Somewhere below are a line with "R \<le> mu_i" and a later line with "define L where". Output exactly those lines and all lines between them.

Source material >>
....

lemma Re_inverse_le_divide_Im_square:
  assumes "Re z \<le> b" "0 \<le> b" "Im z \<noteq> 0"
  shows "Re (1 / z) \<le> b / (Im z)\<^sup>2"
proof -
  have "Re (1 / z) = Re z / (cmod z)\<^sup>2"
    by (simp add: Re_divide cmod_power2)
  also have "\<dots> \<le> b / (cmod z)\<^sup>2"
    using assms(1) by (rule divide_right_mono) simp
  also have "\<dots> \<le> b / (Im z)\<^sup>2"
    using assms by (intro divide_left_mono) (auto simp: cmod_power2 intro!: mult_pos_pos add_nonneg_pos)
  finally show ?thesis .
qed

lemma closure_Dq_subset:
  assumes "continuous_on UNIV q"
  shows "closure (Dq q) \<subseteq> {z. Re z \<le> q (Im z)}"
proof (rule closure_minimal)
  show "Dq q \<subseteq> {z. Re z \<le> q (Im z)}"
    by (auto simp: Dq_def)
  show "closed {z. Re z \<le> q (Im z)}"
    by (intro closed_Collect_le continuous_intros continuous_on_compose2[OF assms]) auto
qed

lemma indicator_Re_inverse_le:
  fixes q :: "real \<Rightarrow> real"
  assumes q_nonneg: "\<And>y. q y \<ge> 0" and Re_le: "Re z \<le> q (Im z)" and r: "r > 0"
  shows "indicator {z. r < cmod z \<and> cmod z \<le> R \<and> Re z > 0} z * Re (1 / z)
    \<le> indicator {z. \<bar>Im z\<bar> \<le> r} z / r
      + indicator {r<..R} \<bar>Im z\<bar> * ((q \<bar>Im z\<bar> + q (- \<bar>Im z\<bar>)) / \<bar>Im z\<bar>\<^sup>2)"
proof (cases "r < cmod z \<and> cmod z \<le> R \<and> Re z > 0")
  case False
  then have "indicator {z. r < cmod z \<and> cmod z \<le> R \<and> Re z > 0} z = (0::real)"
    by (simp add: indicator_def)
  moreover have "0 \<le> indicator {z. \<bar>Im z\<bar> \<le> r} z / r
      + indicator {r<..R} \<bar>Im z\<bar> * ((q \<bar>Im z\<bar> + q (- \<bar>Im z\<bar>)) / \<bar>Im z\<bar>\<^sup>2)"
    using r q_nonneg by (intro add_nonneg_nonneg mult_nonneg_nonneg divide_nonneg_nonneg) auto
  ultimately show ?thesis
    by simp
next
  case z: True
  show ?thesis
  proof (cases "\<bar>Im z\<bar> \<le> r")
    case True
    have "Re (1 / z) \<le> 1 / cmod z"
      by (rule Re_inverse_le_inverse_norm)
    also have "\<dots> \<le> 1 / r"
      using z r by (intro divide_left_mono) (auto intro!: mult_pos_pos)
    finally show ?thesis
      using z True q_nonneg[of "\<bar>Im z\<bar>"] q_nonneg[of "- \<bar>Im z\<bar>"] by (simp add: indicator_def)
  next
    case False
    then have Im: "r < \<bar>Im z\<bar>" "\<bar>Im z\<bar> \<le> R"
      using z abs_Im_le_cmod[of z] by linarith+
    have "Re (1 / z) \<le> q (Im z) / (Im z)\<^sup>2"
      using Re_le q_nonneg Im r by (intro Re_inverse_le_divide_Im_square) auto
    also have "\<dots> \<le> (q \<bar>Im z\<bar> + q (- \<bar>Im z\<bar>)) / \<bar>Im z\<bar>\<^sup>2"
      unfolding power2_abs using q_nonneg[of "Im z"] q_nonneg[of "- Im z"]
      by (intro divide_right_mono) (auto simp: abs_if)
    finally show ?thesis
      using z Im False by (simp add: indicator_def)
  qed
qed

lemma l_rh_le_mu_i_plus_stieltjes_Ioc:
  fixes M :: "complex measure" and q :: "real \<Rightarrow> real"
  assumes M_borel: "sets M = sets borel"
    and finite: "\<And>y. emeasure M {z. \<bar>Im z\<bar> \<le> y} < \<infinity>"
    and q_cont: "continuous_on UNIV q" and q_nonneg: "\<And>y. q y \<ge> 0"
    and Re_le: "AE z in M. Re z \<le> q (Im z)"
    and r: "r > 0"
  shows "l_rh M r R \<le> mu_i M r / r + stieltjes_Ioc M (\<lambda>y. (q y + q (- y)) / y\<^sup>2) r R"
proof -
  define h where "h y = (q y + q (- y)) / y\<^sup>2" for y
  define A where "A = {z. r < cmod z \<and> cmod z \<le> R \<and> Re z > 0}"
  define L where "L = {z. \<bar>Im z\<bar> \<le> r}"
  define B where "B = {z. r < \<bar>Im z\<bar> \<and> \<bar>Im z\<bar> \<le> R}"
  note [measurable_cong] = M_borel
  have [measurable]: "q \<in> borel_measurable borel"
    using q_cont by (rule borel_measurable_continuous_onI)
  have [measurable]: "A \<in> sets borel" "L \<in> sets borel" "B \<in> sets borel"
    unfolding A_def L_def B_def by measurable
  have [measurable]: "h \<in> borel_measurable borel"
    unfolding h_def by measurable
  have slab: "{z. \<bar>Im z\<bar> \<le> y} \<in> sets M" for y
    by measurable
  have "emeasure M A \<le> emeasure M {z. \<bar>Im z\<bar> \<le> R}"
    using slab by (intro emeasure_mono) (auto simp: A_def intro: order_trans[OF abs_Im_le_cmod])
  then have A_finite: "emeasure M A < \<infinity>"
    using finite by (rule le_less_trans)
  have "emeasure M B \<le> emeasure M {z. \<bar>Im z\<bar> \<le> R}"
    using slab by (intro emeasure_mono) (auto simp: B_def)
  then have B_finite: "emeasure M B < \<infinity>"
    using finite by (rule le_less_trans)
  obtain K where K: "\<And>y. y \<in> {r..R} \<Longrightarrow> norm (h y) \<le> K"
  proof (rule continuous_on_compact_bound)
    show "continuous_on {r..R} h"
      using r unfolding h_def
      by (intro continuous_intros continuous_on_compose2[OF q_cont]) auto
  qed auto
  have int_A: "integrable M (\<lambda>z. indicator A z * Re (1 / z))"
  proof (rule integrableI_bounded_set[where A=A and B="1 / r"])
    show "AE z in M. z \<in> A \<longrightarrow> norm (indicator A z * Re (1 / z)) \<le> 1 / r"
    proof (intro AE_I2 impI)
      fix z assume z: "z \<in> A"
      have "\<bar>Re (1 / z)\<bar> \<le> 1 / cmod z"
        using abs_Re_le_cmod[of "1 / z"] by (simp add: norm_divide)
      also have "\<dots> \<le> 1 / r"
        using z r by (intro divide_left_mono) (auto simp: A_def intro!: mult_pos_pos)
      finally show "norm (indicator A z * Re (1 / z)) \<le> 1 / r"
        using z by simp
    qed
  qed (use A_finite in simp_all)
  have int_B: "integrable M (\<lambda>z. indicator {r<..R} \<bar>Im z\<bar> * h \<bar>Im z\<bar>)"
  proof (rule integrableI_bounded_set[where A=B and B=K])
    show "AE z in M. z \<in> B \<longrightarrow> norm (indicator {r<..R} \<bar>Im z\<bar> * h \<bar>Im z\<bar>) \<le> K"
      using K by (auto simp: B_def)
  qed (use B_finite in \<open>auto simp: B_def\<close>)
  have int_L: "integrable M (\<lambda>z. indicator L z / r)"
    using finite[of r] by (simp add: L_def)
  have "l_rh M r R = (\<integral>z. indicator A z * Re (1 / z) \<partial>M)"
    by (simp add: l_rh_def set_lebesgue_integral_def A_def)
  also have "\<dots> \<le> (\<integral>z. indicator L z / r + indicator {r<..R} \<bar>Im z\<bar> * h \<bar>Im z\<bar> \<partial>M)"
  proof (rule integral_mono_AE[OF int_A Bochner_Integration.integrable_add[OF int_L int_B]])
    show "AE z in M. indicator A z * Re (1 / z)
        \<le> indicator L z / r + indicator {r<..R} \<bar>Im z\<bar> * h \<bar>Im z\<bar>"
      using Re_le
    proof eventually_elim
      case (elim z)
      show ?case
        unfolding A_def L_def h_def using q_nonneg elim r by (rule indicator_Re_inverse_le)
    qed
  qed
  also have "\<dots> = measure M L / r + (\<integral>z. indicator {r<..R} \<bar>Im z\<bar> * h \<bar>Im z\<bar> \<partial>M)"
    using int_L int_B by simp
  also have "\<dots> = mu_i M r / r + stieltjes_Ioc M h r R"
    using M_borel finite by (simp add: stieltjes_Ioc_eq_integral_Im mu_i_def L_def)
  finally show ?thesis
    by (simp add: h_def[abs_def])
qed

theorem lemma3:
  fixes r0 :: real and q :: "real \<Rightarrow> real" and M :: "complex measure" and C :: real
  assumes r0_pos: "r0 > 0"
    and q_cont: "continuous_on UNIV q"
    and q_nonneg: "\<And>y. q y \<ge> 0"
    and q_growth: "Limsup at_infinity (\<lambda>y. ereal (q y / \<bar>y\<bar>)) < 1"
    and M_borel: "sets M = sets borel"
    and M_supp: "emeasure M (UNIV - closure (Dq q)) = 0"
    and M_lin: "\<And>y. y \<ge> 0 \<Longrightarrow> emeasure M {z. \<bar>Im z\<bar> \<le> y} \<le> ennreal (C * y)"
  shows "\<exists>C0 \<ge> 0. \<forall>r R. r0 \<le> r \<and> r < R \<longrightarrow>
           l_rh M r R \<le> stieltjes_Ioc M (\<lambda>y. (q y + q (- y)) / y\<^sup>2) r R + C0"
proof -
  have finite: "emeasure M {z. \<bar>Im z\<bar> \<le> y} < \<infinity>" for y
  proof (cases "y \<ge> 0")
    case True
    show ?thesis
      using M_lin[OF True] by (rule le_less_trans) simp
  next
    case False
    then have "{z. \<bar>Im z\<bar> \<le> y} = {}"
      by auto
    then show ?thesis
      by simp
  qed
  have Re_le: "AE z in M. Re z \<le> q (Im z)"
  proof (rule AE_I')
    show "UNIV - closure (Dq q) \<in> null_sets M"
      using M_supp M_borel by (auto simp: null_sets_def)
    show "{z \<in> space M. \<not> Re z \<le> q (Im z)} \<subseteq> UNIV - closure (Dq q)"
      using closure_Dq_subset[OF q_cont] by auto
  qed
  have mu_i_le: "mu_i M r \<le> max C 0 * r" if "r \<ge> 0" for r
  proof -
    have "emeasure M {z. \<bar>Im z\<bar> \<le> r} \<le> ennreal (max C 0 * r)"
      using M_lin[OF that] by (rule order_trans) (use that in \<open>auto intro!: ennreal_leI mult_right_mono\<close>)
    then show ?thesis
      unfolding mu_i_def measure_def using that by (intro enn2real_leI) auto
  qed
  show ?thesis
  proof (intro exI[of _ "max C 0"] conjI allI impI)
    fix r R :: real
    assume "r0 \<le> r \<and> r < R"
    with r0_pos have r: "r > 0"
      by simp
    have "mu_i M r / r \<le> max C 0"
      using mu_i_le[of r] r by (simp add: divide_le_eq)
    with l_rh_le_mu_i_plus_stieltjes_Ioc[OF M_borel finite q_cont q_nonneg Re_le r, of R]
    show "l_rh M r R \<le> stieltjes_Ioc M (\<lambda>y. (q y + q (- y)) / y\<^sup>2) r R + max C 0"
      by linarith
  qed simp
qed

....

Task result >>
  shows "l_rh M r R \<le> mu_i M r / r + stieltjes_Ioc M (\<lambda>y. (q y + q (- y)) / y\<^sup>2) r R"
proof -
  define h where "h y = (q y + q (- y)) / y\<^sup>2" for y
  define A where "A = {z. r < cmod z \<and> cmod z \<le> R \<and> Re z > 0}"
  define L where "L = {z. \<bar>Im z\<bar> \<le> r}"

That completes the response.